A chapter 7 bankruptcy is a legal liquidation. Many people refer to it as the "fresh-start" bankruptcy. In a chapter 7 bankruptcy, a consumer lists all of his or her assets in the petition, values them on a garage-sale basis, and protects them up to certain dollar amounts using laws called exemptions.
The most widely used (and therefore important) exemptions in Florida are as follows:
- Homestead (unlimited unless home purchased in last 3 1/3 years, then $125,000.00)
- Automobile ($1,000.00 per debtor)
- Household Goods & Furnishings ($1,000.00 per debtor)
- IRA / 401k ($1,000,000.00 / unlimited)
- Life Insurance (unlimited) Annuities (unlimited)
- Social Security & Pensions (unlimited)
- Wild Card (Additional $4,000.00 per debtor if no homestead)
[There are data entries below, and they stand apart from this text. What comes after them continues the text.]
(* Let $X\in\sigma\mathcal F$ and $F\in\mathsf{age}(X)$ with $\mathsf{rk}_X(F)=\alpha$ for some ordinal $\alpha<\infty$. If $\beta<\alpha$, then there is $E\in\mathsf{age}(X)$ with $\mathsf{rk}_X(E)=\beta$.
   Context: Let $\mathcal L$ be a countable relational language without constants and $\mathcal F$ a hereditary, isomorphism-closed class of finite $\mathcal L$-structures. $\sigma\mathcal F$ is the class of countable structures isomorphic to unions of chains in $\mathcal F$; $\mathsf{age}(X)$ is the set of finite (induced) substructures of $X$. For $A\le B$, $B$ is a prime extension of $A$ if $|B\setminus A|=1$; a realization of $B$ in $X$ (where $A\le X$) is $C\le X$ with $A\le C$ and an isomorphism $B\to C$ fixing $A$ pointwise. For $F\in\mathsf{age}(X)$ define by recursion: $\mathsf{rk}_X(F)\ge0$ always; $\mathsf{rk}_X(F)\ge\alpha+1$ iff every prime extension $B\in\mathcal F$ of $F$ has a realization $C$ in $X$ with $\mathsf{rk}_X(C)\ge\alpha$; for limit $\alpha$, $\mathsf{rk}_X(F)\ge\alpha$ iff $\mathsf{rk}_X(F)\ge\beta$ for all $\beta<\alpha$. $\mathsf{rk}_X(F)=\sup\{\alpha:\mathsf{rk}_X(F)\ge\alpha\}$, with value $\infty$ (larger than every ordinal) if $\mathsf{rk}_X(F)\ge\alpha$ for every ordinal $\alpha$. *)

theory Defs
  imports Main "HOL-Library.Countable"
begin

text \<open>A relational language: relation symbols of a countable type 'r with arities
  given by ar.  There are no constant or function symbols.  All structures have
  universes contained in nat (X is countable; finite structures are taken up to
  isomorphism, and nat has room for every finite structure and its prime extensions).\<close>

record 'r struc =
  univ :: "nat set"
  rels :: "'r \<Rightarrow> nat list \<Rightarrow> bool"

definition wf_struc :: "('r \<Rightarrow> nat) \<Rightarrow> 'r struc \<Rightarrow> bool" where
  "wf_struc ar A \<longleftrightarrow> (\<forall>r xs. rels A r xs \<longrightarrow> length xs = ar r \<and> set xs \<subseteq> univ A)"

definition substr :: "('r \<Rightarrow> nat) \<Rightarrow> 'r struc \<Rightarrow> 'r struc \<Rightarrow> bool" where
  "substr ar A B \<longleftrightarrow> wf_struc ar A \<and> wf_struc ar B \<and> univ A \<subseteq> univ B \<and>
     (\<forall>r xs. set xs \<subseteq> univ A \<longrightarrow> (rels A r xs \<longleftrightarrow> rels B r xs))"

definition iso :: "('r \<Rightarrow> nat) \<Rightarrow> 'r struc \<Rightarrow> 'r struc \<Rightarrow> (nat \<Rightarrow> nat) \<Rightarrow> bool" where
  "iso ar A B f \<longleftrightarrow> wf_struc ar A \<and> wf_struc ar B \<and> bij_betw f (univ A) (univ B) \<and>
     (\<forall>r xs. set xs \<subseteq> univ A \<longrightarrow> (rels A r xs \<longleftrightarrow> rels B r (map f xs)))"

definition isomorphic :: "('r \<Rightarrow> nat) \<Rightarrow> 'r struc \<Rightarrow> 'r struc \<Rightarrow> bool" where
  "isomorphic ar A B \<longleftrightarrow> (\<exists>f. iso ar A B f)"

definition good_class :: "('r \<Rightarrow> nat) \<Rightarrow> 'r struc set \<Rightarrow> bool" where
  "good_class ar \<F> \<longleftrightarrow>
     (\<forall>A\<in>\<F>. wf_struc ar A \<and> finite (univ A)) \<and>
     (\<forall>A\<in>\<F>. \<forall>B. substr ar B A \<longrightarrow> B \<in> \<F>) \<and>
     (\<forall>A\<in>\<F>. \<forall>B. isomorphic ar A B \<longrightarrow> B \<in> \<F>)"

definition chain_union :: "'r struc set \<Rightarrow> 'r struc" where
  "chain_union C = \<lparr>univ = (\<Union>A\<in>C. univ A), rels = (\<lambda>r xs. \<exists>A\<in>C. rels A r xs)\<rparr>"

definition is_chain :: "('r \<Rightarrow> nat) \<Rightarrow> 'r struc set \<Rightarrow> bool" where
  "is_chain ar C \<longleftrightarrow> (\<forall>A\<in>C. \<forall>B\<in>C. substr ar A B \<or> substr ar B A)"

text \<open>\<sigma>\<F>: countable structures isomorphic to unions of chains in \<F>
  (countability is automatic since universes are subsets of nat).\<close>
definition sigma_class :: "('r \<Rightarrow> nat) \<Rightarrow> 'r struc set \<Rightarrow> 'r struc set" where
  "sigma_class ar \<F> = {X. \<exists>C. C \<subseteq> \<F> \<and> is_chain ar C \<and> isomorphic ar (chain_union C) X}"

definition age :: "('r \<Rightarrow> nat) \<Rightarrow> 'r struc \<Rightarrow> 'r struc set" where
  "age ar X = {F. substr ar F X \<and> finite (univ F)}"

definition prime_ext :: "('r \<Rightarrow> nat) \<Rightarrow> 'r struc \<Rightarrow> 'r struc \<Rightarrow> bool" where
  "prime_ext ar A B \<longleftrightarrow> substr ar A B \<and> card (univ B - univ A) = 1"

definition realization :: "('r \<Rightarrow> nat) \<Rightarrow> 'r struc \<Rightarrow> 'r struc \<Rightarrow> 'r struc \<Rightarrow> 'r struc \<Rightarrow> bool" where
  "realization ar X A B C \<longleftrightarrow> substr ar C X \<and> substr ar A C \<and>
     (\<exists>f. iso ar B C f \<and> (\<forall>x\<in>univ A. f x = x))"

text \<open>Ordinals are modelled by the elements of an arbitrary well-ordered type 'o.
  gamma is the immediate successor of alpha:\<close>
definition is_succ :: "'o::wellorder \<Rightarrow> 'o \<Rightarrow> bool" where
  "is_succ \<alpha> \<gamma> \<longleftrightarrow> \<alpha> < \<gamma> \<and> (\<forall>\<delta>. \<alpha> < \<delta> \<longrightarrow> \<gamma> \<le> \<delta>)"

text \<open>rk_ge ar \<F> X \<alpha> F means rk_X(F) \<ge> \<alpha>, by recursion on \<alpha>:
  \<alpha> = 0 and limit \<alpha>: rk \<ge> \<beta> for all \<beta> < \<alpha>;
  \<alpha> = \<gamma>+1: every prime extension B \<in> \<F> of F has a realization C in X with rk \<ge> \<gamma>.\<close>
function rk_ge :: "('r \<Rightarrow> nat) \<Rightarrow> 'r struc set \<Rightarrow> 'r struc \<Rightarrow> 'o::wellorder \<Rightarrow> 'r struc \<Rightarrow> bool" where
  "rk_ge ar \<F> X \<alpha> F \<longleftrightarrow> F \<in> age ar X \<and>
     (\<forall>\<gamma>\<in>{..<\<alpha>}. is_succ \<gamma> \<alpha> \<longrightarrow>
        (\<forall>B\<in>\<F>. prime_ext ar F B \<longrightarrow> (\<exists>C. realization ar X F B C \<and> rk_ge ar \<F> X \<gamma> C))) \<and>
     ((\<nexists>\<gamma>. is_succ \<gamma> \<alpha>) \<longrightarrow> (\<forall>\<beta>\<in>{..<\<alpha>}. rk_ge ar \<F> X \<beta> F))"
  by auto
termination
  by (relation "inv_image {(x, y). x < y} (\<lambda>(_, _, _, \<alpha>, _). \<alpha>)") (auto intro: wf)

definition rk_eq :: "('r \<Rightarrow> nat) \<Rightarrow> 'r struc set \<Rightarrow> 'r struc \<Rightarrow> 'o::wellorder \<Rightarrow> 'r struc \<Rightarrow> bool" where
  "rk_eq ar \<F> X \<alpha> F \<longleftrightarrow> rk_ge ar \<F> X \<alpha> F \<and> (\<exists>\<gamma>. is_succ \<alpha> \<gamma> \<and> \<not> rk_ge ar \<F> X \<gamma> F)"

end

theory Submission
  imports Defs
begin

text \<open>Ranks are downward closed: rk_X(F) \<ge> \<alpha> implies rk_X(F) \<ge> \<beta> for \<beta> \<le> \<alpha>.
  If rk_X(F) = \<alpha>, then rk_X(F) \<ge> \<alpha> + 1 fails, so some prime extension B of F
  has no realization of rank \<ge> \<alpha>; but rk_X(F) \<ge> \<beta> + 1, so B has a realization C
  of rank \<ge> \<beta>. Hence \<beta> \<le> rk_X(C) < \<alpha>, and induction on \<alpha> finishes the proof.\<close>

declare rk_ge.simps[simp del]

lemma is_succ_less:
  fixes \<alpha> \<gamma> :: "'o::wellorder"
  shows "is_succ \<alpha> \<gamma> \<Longrightarrow> \<alpha> < \<gamma>"
  unfolding is_succ_def by blast

lemma is_succ_le:
  fixes \<alpha> \<beta> \<gamma> :: "'o::wellorder"
  shows "is_succ \<alpha> \<gamma> \<Longrightarrow> \<alpha> < \<beta> \<Longrightarrow> \<gamma> \<le> \<beta>"
  unfolding is_succ_def by blast

lemma is_succ_unique:
  fixes \<alpha> \<beta> \<gamma> :: "'o::wellorder"
  assumes "is_succ \<alpha> \<gamma>" and "is_succ \<beta> \<gamma>"
  shows "\<alpha> = \<beta>"
  using assms unfolding is_succ_def by (metis linorder_neqE not_le)

lemma is_succ_Least:
  fixes \<alpha> \<beta> :: "'o::wellorder"
  assumes "\<alpha> < \<beta>"
  shows "is_succ \<alpha> (LEAST \<gamma>. \<alpha> < \<gamma>)"
  unfolding is_succ_def using LeastI[of "\<lambda>\<gamma>. \<alpha> < \<gamma>", OF assms] by (auto intro: Least_le)

lemma rk_ge_imp_age: "rk_ge ar \<F> X \<alpha> F \<Longrightarrow> F \<in> age ar X"
  by (subst (asm) rk_ge.simps) blast

lemma rk_ge_succ_iff:
  fixes \<alpha> \<gamma> :: "'o::wellorder"
  assumes "is_succ \<gamma> \<alpha>"
  shows "rk_ge ar \<F> X \<alpha> F \<longleftrightarrow> F \<in> age ar X \<and>
    (\<forall>B\<in>\<F>. prime_ext ar F B \<longrightarrow> (\<exists>C. realization ar X F B C \<and> rk_ge ar \<F> X \<gamma> C))"
  using assms is_succ_less[OF assms] is_succ_unique[OF _ assms]
  by (subst rk_ge.simps) blast

lemma rk_ge_nonsucc_iff:
  fixes \<alpha> :: "'o::wellorder"
  assumes "\<nexists>\<gamma>. is_succ \<gamma> \<alpha>"
  shows "rk_ge ar \<F> X \<alpha> F \<longleftrightarrow> F \<in> age ar X \<and> (\<forall>\<beta><\<alpha>. rk_ge ar \<F> X \<beta> F)"
  using assms by (subst rk_ge.simps) auto

lemma rk_ge_antimono:
  fixes \<alpha> \<beta> :: "'o::wellorder"
  shows "rk_ge ar \<F> X \<alpha> F \<Longrightarrow> \<beta> \<le> \<alpha> \<Longrightarrow> rk_ge ar \<F> X \<beta> F"
proof (induction \<beta> arbitrary: \<alpha> F rule: less_induct)
  case (less \<beta>)
  have F_age: "F \<in> age ar X"
    using less.prems(1) by (rule rk_ge_imp_age)
  show ?case
  proof (cases "\<beta> = \<alpha>")
    case True
    with less.prems(1) show ?thesis by simp
  next
    case False
    with less.prems(2) have "\<beta> < \<alpha>" by simp
    show ?thesis
    proof (cases "\<exists>\<delta>. is_succ \<delta> \<beta>")
      case True
      then obtain \<delta> where \<delta>: "is_succ \<delta> \<beta>" by blast
      have \<delta>_less: "\<delta> < \<beta>" using \<delta> by (rule is_succ_less)
      have "\<exists>C. realization ar X F B C \<and> rk_ge ar \<F> X \<delta> C"
        if B: "B \<in> \<F>" "prime_ext ar F B" for B
      proof (cases "\<exists>\<gamma>. is_succ \<gamma> \<alpha>")
        case True
        then obtain \<gamma> where \<gamma>: "is_succ \<gamma> \<alpha>" by blast
        have "\<beta> \<le> \<gamma>"
          using is_succ_le[OF \<gamma>] \<open>\<beta> < \<alpha>\<close> by (meson not_le)
        obtain C where "realization ar X F B C" "rk_ge ar \<F> X \<gamma> C"
          using less.prems(1) B unfolding rk_ge_succ_iff[OF \<gamma>] by blast
        moreover have "rk_ge ar \<F> X \<delta> C"
          using less.IH[OF \<delta>_less \<open>rk_ge ar \<F> X \<gamma> C\<close>] \<delta>_less \<open>\<beta> \<le> \<gamma>\<close> by simp
        ultimately show ?thesis by blast
      next
        case False
        have "rk_ge ar \<F> X \<beta> F"
          using less.prems(1) \<open>\<beta> < \<alpha>\<close> unfolding rk_ge_nonsucc_iff[OF False] by blast
        then show ?thesis
          using B unfolding rk_ge_succ_iff[OF \<delta>] by blast
      qed
      then show ?thesis
        unfolding rk_ge_succ_iff[OF \<delta>] using F_age by blast
    next
      case False
      have "rk_ge ar \<F> X \<beta>' F" if "\<beta>' < \<beta>" for \<beta>'
        using less.IH[OF that less.prems(1)] that \<open>\<beta> < \<alpha>\<close> by simp
      then show ?thesis
        unfolding rk_ge_nonsucc_iff[OF False] using F_age by blast
    qed
  qed
qed

lemma rk_eq_le:
  fixes \<beta> \<eta> :: "'o::wellorder"
  assumes "rk_eq ar \<F> X \<eta> F" and "rk_ge ar \<F> X \<beta> F"
  shows "\<beta> \<le> \<eta>"
proof (rule ccontr)
  assume "\<not> \<beta> \<le> \<eta>"
  obtain \<gamma> where \<gamma>: "is_succ \<eta> \<gamma>" and "\<not> rk_ge ar \<F> X \<gamma> F"
    using assms(1) unfolding rk_eq_def by blast
  moreover have "\<gamma> \<le> \<beta>"
    using is_succ_le[OF \<gamma>] \<open>\<not> \<beta> \<le> \<eta>\<close> by simp
  ultimately show False
    using rk_ge_antimono[OF assms(2)] by blast
qed

lemma not_rk_ge_imp_rk_eq_less:
  fixes \<delta> :: "'o::wellorder"
  assumes "F \<in> age ar X" and "\<not> rk_ge ar \<F> X \<delta> F"
  shows "\<exists>\<eta><\<delta>. rk_eq ar \<F> X \<eta> F"
proof -
  define \<delta>\<^sub>0 where "\<delta>\<^sub>0 = (LEAST \<delta> :: 'o. \<not> rk_ge ar \<F> X \<delta> F)"
  have fails: "\<not> rk_ge ar \<F> X \<delta>\<^sub>0 F"
    unfolding \<delta>\<^sub>0_def using assms(2) by (rule LeastI)
  have "\<delta>\<^sub>0 \<le> \<delta>"
    unfolding \<delta>\<^sub>0_def using assms(2) by (rule Least_le)
  have below: "rk_ge ar \<F> X \<eta> F" if "\<eta> < \<delta>\<^sub>0" for \<eta>
    using not_less_Least that unfolding \<delta>\<^sub>0_def by blast
  \<comment> \<open>At 0 or a limit, rk_ge only asks for rk_ge below, so the least failing ordinal is a successor.\<close>
  obtain \<eta> where \<eta>: "is_succ \<eta> \<delta>\<^sub>0"
    using rk_ge_nonsucc_iff[of \<delta>\<^sub>0] assms(1) below fails by blast
  have "\<eta> < \<delta>\<^sub>0" using \<eta> by (rule is_succ_less)
  then have "rk_eq ar \<F> X \<eta> F"
    unfolding rk_eq_def using below \<eta> fails by blast
  then show ?thesis
    using \<open>\<eta> < \<delta>\<^sub>0\<close> \<open>\<delta>\<^sub>0 \<le> \<delta>\<close> by (meson less_le_trans)
qed

lemma rk_eq_ex_rank_between:
  fixes \<alpha> \<beta> :: "'o::wellorder"
  assumes "rk_eq ar \<F> X \<alpha> F" and "\<beta> < \<alpha>"
  shows "\<exists>C\<in>age ar X. rk_ge ar \<F> X \<beta> C \<and> \<not> rk_ge ar \<F> X \<alpha> C"
proof -
  obtain \<gamma> where \<gamma>: "is_succ \<alpha> \<gamma>" and not_ge_\<gamma>: "\<not> rk_ge ar \<F> X \<gamma> F"
    and ge_\<alpha>: "rk_ge ar \<F> X \<alpha> F"
    using assms(1) unfolding rk_eq_def by blast
  obtain B where B: "B \<in> \<F>" "prime_ext ar F B"
    and no_high: "\<And>C. realization ar X F B C \<Longrightarrow> \<not> rk_ge ar \<F> X \<alpha> C"
    using not_ge_\<gamma> rk_ge_imp_age[OF ge_\<alpha>] unfolding rk_ge_succ_iff[OF \<gamma>] by blast
  define \<sigma> where "\<sigma> = (LEAST \<sigma>. \<beta> < \<sigma>)"
  have \<sigma>: "is_succ \<beta> \<sigma>"
    unfolding \<sigma>_def using assms(2) by (rule is_succ_Least)
  have "rk_ge ar \<F> X \<sigma> F"
    using rk_ge_antimono[OF ge_\<alpha> is_succ_le[OF \<sigma> assms(2)]] .
  then obtain C where "realization ar X F B C" and "rk_ge ar \<F> X \<beta> C"
    using B unfolding rk_ge_succ_iff[OF \<sigma>] by blast
  with no_high rk_ge_imp_age show ?thesis by blast
qed

lemma rk_eq_downward_closed:
  fixes \<alpha> \<beta> :: "'o::wellorder"
  shows "rk_eq ar \<F> X \<alpha> F \<Longrightarrow> \<beta> < \<alpha> \<Longrightarrow> \<exists>E\<in>age ar X. rk_eq ar \<F> X \<beta> E"
proof (induction \<alpha> arbitrary: F rule: less_induct)
  case (less \<alpha>)
  obtain C where C_age: "C \<in> age ar X"
    and ge_\<beta>: "rk_ge ar \<F> X \<beta> C" and not_ge_\<alpha>: "\<not> rk_ge ar \<F> X \<alpha> C"
    using rk_eq_ex_rank_between[OF less.prems] by blast
  obtain \<eta> where "\<eta> < \<alpha>" and \<eta>: "rk_eq ar \<F> X \<eta> C"
    using not_rk_ge_imp_rk_eq_less[OF C_age not_ge_\<alpha>] by blast
  have "\<beta> \<le> \<eta>" using \<eta> ge_\<beta> by (rule rk_eq_le)
  then consider "\<beta> = \<eta>" | "\<beta> < \<eta>" by fastforce
  then show ?case
  proof cases
    case 1
    with C_age \<eta> show ?thesis by blast
  next
    case 2
    with less.IH[OF \<open>\<eta> < \<alpha>\<close> \<eta>] show ?thesis .
  qed
qed

theorem proposition2p12:
  fixes ar :: "'r::countable \<Rightarrow> nat" and \<F> :: "'r struc set" and X F :: "'r struc"
    and \<alpha> \<beta> :: "'o::wellorder"
  assumes "good_class ar \<F>"
    and "X \<in> sigma_class ar \<F>"
    and "F \<in> age ar X"
    and "rk_eq ar \<F> X \<alpha> F"
    and "\<beta> < \<alpha>"
  shows "\<exists>E \<in> age ar X. rk_eq ar \<F> X \<beta> E"
  using assms(4,5) by (rule rk_eq_downward_closed)

end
This is a partial list of exemptions and is not intended to be an exhaustive list. You should consult with a local attorney to go over the exemptions in greater detail and to understand how certain facts could give rise to fraudulent transfer concerns and could thereby limit if not altogether eliminate the above listed asset protection amounts.
Finally, the debtor will also list his or her liabilities, his or her intentions with regard to secured assets and disclose certain transactions that the debtor has engaged in in the relatviely recent past. After your case is filed, the debtor must attend one hearing, popularly called the "341 Meeting of Creditors," named after the bankruptcy code section that requires it. After this three to five minute hearing, the debtor must then take one last class to obtain his or her Certificate of Debtor Education (taken on-line or over the phone) and you are done! You should typically receive your discharge, signed by the judge, in three to four months.
It should be noted, the above described process is a brief, non-exhaustive explanation of the average chapter 7 consumer bankruptcy. It is NOT intended to offer legal advice, create any attorney-client privilege with anyone, or predict your particular, individualized case in any manner.